PROBLEM DETAILS — Every line in the following data that has "rule" counts toward the total; state that total alone.

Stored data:
----

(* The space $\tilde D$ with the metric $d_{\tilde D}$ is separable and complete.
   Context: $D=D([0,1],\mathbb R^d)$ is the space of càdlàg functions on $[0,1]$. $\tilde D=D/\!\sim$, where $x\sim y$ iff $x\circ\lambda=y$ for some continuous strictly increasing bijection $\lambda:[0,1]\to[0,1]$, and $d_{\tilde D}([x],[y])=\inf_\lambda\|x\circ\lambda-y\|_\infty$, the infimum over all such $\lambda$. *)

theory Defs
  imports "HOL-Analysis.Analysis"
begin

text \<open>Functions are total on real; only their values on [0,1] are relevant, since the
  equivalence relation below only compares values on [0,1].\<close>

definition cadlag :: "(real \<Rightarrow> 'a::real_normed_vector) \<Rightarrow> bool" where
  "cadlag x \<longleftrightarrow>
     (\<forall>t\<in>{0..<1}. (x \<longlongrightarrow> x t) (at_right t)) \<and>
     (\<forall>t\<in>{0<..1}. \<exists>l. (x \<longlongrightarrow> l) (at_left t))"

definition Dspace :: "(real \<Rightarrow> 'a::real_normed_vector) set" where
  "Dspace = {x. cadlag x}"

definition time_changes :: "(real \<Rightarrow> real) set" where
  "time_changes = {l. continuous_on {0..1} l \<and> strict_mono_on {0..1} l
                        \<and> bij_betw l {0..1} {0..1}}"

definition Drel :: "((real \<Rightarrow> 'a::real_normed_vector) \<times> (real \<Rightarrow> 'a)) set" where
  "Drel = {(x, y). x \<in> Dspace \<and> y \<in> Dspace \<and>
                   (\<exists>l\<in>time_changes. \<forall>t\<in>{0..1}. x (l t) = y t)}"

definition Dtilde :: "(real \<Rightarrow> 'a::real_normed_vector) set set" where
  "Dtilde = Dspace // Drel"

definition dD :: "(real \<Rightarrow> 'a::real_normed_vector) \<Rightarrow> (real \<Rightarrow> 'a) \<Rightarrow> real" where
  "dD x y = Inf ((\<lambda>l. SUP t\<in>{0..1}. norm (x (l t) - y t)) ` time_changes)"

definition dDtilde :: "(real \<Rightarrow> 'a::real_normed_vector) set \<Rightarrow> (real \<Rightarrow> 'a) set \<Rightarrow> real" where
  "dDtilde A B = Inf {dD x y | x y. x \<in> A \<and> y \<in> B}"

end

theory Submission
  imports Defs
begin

----

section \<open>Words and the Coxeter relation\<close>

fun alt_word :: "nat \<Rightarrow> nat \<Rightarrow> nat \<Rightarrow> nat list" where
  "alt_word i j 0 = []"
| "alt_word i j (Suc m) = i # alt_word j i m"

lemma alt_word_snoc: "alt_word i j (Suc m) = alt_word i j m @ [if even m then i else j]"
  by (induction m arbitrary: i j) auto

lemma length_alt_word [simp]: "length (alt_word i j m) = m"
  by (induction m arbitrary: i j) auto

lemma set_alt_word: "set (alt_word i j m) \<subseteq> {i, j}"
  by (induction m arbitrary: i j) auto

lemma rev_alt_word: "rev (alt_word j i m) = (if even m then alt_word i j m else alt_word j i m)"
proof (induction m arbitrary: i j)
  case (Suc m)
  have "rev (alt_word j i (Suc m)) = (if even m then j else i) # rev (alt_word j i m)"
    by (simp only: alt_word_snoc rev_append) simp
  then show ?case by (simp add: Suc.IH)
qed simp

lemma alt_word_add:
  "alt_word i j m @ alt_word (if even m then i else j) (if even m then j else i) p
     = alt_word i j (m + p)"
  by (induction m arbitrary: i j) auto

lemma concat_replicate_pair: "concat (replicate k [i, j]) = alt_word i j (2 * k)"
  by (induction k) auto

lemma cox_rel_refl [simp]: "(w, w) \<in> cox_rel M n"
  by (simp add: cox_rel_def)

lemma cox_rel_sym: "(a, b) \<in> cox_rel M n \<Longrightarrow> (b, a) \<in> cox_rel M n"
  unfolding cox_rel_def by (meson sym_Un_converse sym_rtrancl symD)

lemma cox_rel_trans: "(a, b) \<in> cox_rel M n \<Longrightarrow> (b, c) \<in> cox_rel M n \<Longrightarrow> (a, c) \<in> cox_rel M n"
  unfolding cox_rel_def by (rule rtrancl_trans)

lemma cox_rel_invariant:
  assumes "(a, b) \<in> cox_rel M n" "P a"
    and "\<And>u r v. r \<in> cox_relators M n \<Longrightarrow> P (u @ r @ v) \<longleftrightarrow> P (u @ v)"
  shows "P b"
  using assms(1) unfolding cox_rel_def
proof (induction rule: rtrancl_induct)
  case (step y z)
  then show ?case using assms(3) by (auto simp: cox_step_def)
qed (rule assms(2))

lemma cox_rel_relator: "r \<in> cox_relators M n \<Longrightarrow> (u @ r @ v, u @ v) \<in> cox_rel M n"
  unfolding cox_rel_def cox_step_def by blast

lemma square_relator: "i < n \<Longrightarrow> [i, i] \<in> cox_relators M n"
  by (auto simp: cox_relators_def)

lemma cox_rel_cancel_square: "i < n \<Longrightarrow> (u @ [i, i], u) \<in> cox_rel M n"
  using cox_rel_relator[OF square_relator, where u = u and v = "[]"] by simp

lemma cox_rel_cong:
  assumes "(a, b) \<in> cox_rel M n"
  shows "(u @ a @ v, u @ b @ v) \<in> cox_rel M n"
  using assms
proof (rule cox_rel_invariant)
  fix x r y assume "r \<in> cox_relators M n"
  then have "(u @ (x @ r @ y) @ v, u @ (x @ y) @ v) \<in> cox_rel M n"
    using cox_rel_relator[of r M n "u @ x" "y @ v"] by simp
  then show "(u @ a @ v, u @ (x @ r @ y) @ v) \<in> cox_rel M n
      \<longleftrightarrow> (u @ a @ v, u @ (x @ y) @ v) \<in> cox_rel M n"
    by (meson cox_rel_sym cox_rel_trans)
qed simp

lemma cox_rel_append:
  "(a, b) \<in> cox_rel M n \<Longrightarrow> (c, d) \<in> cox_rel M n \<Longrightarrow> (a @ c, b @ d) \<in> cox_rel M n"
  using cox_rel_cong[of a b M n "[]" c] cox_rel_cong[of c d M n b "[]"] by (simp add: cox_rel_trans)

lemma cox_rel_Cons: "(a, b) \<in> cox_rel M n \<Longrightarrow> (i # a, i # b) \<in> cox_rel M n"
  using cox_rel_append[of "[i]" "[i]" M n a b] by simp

----

SOLUTION FOR THIS TASK — 4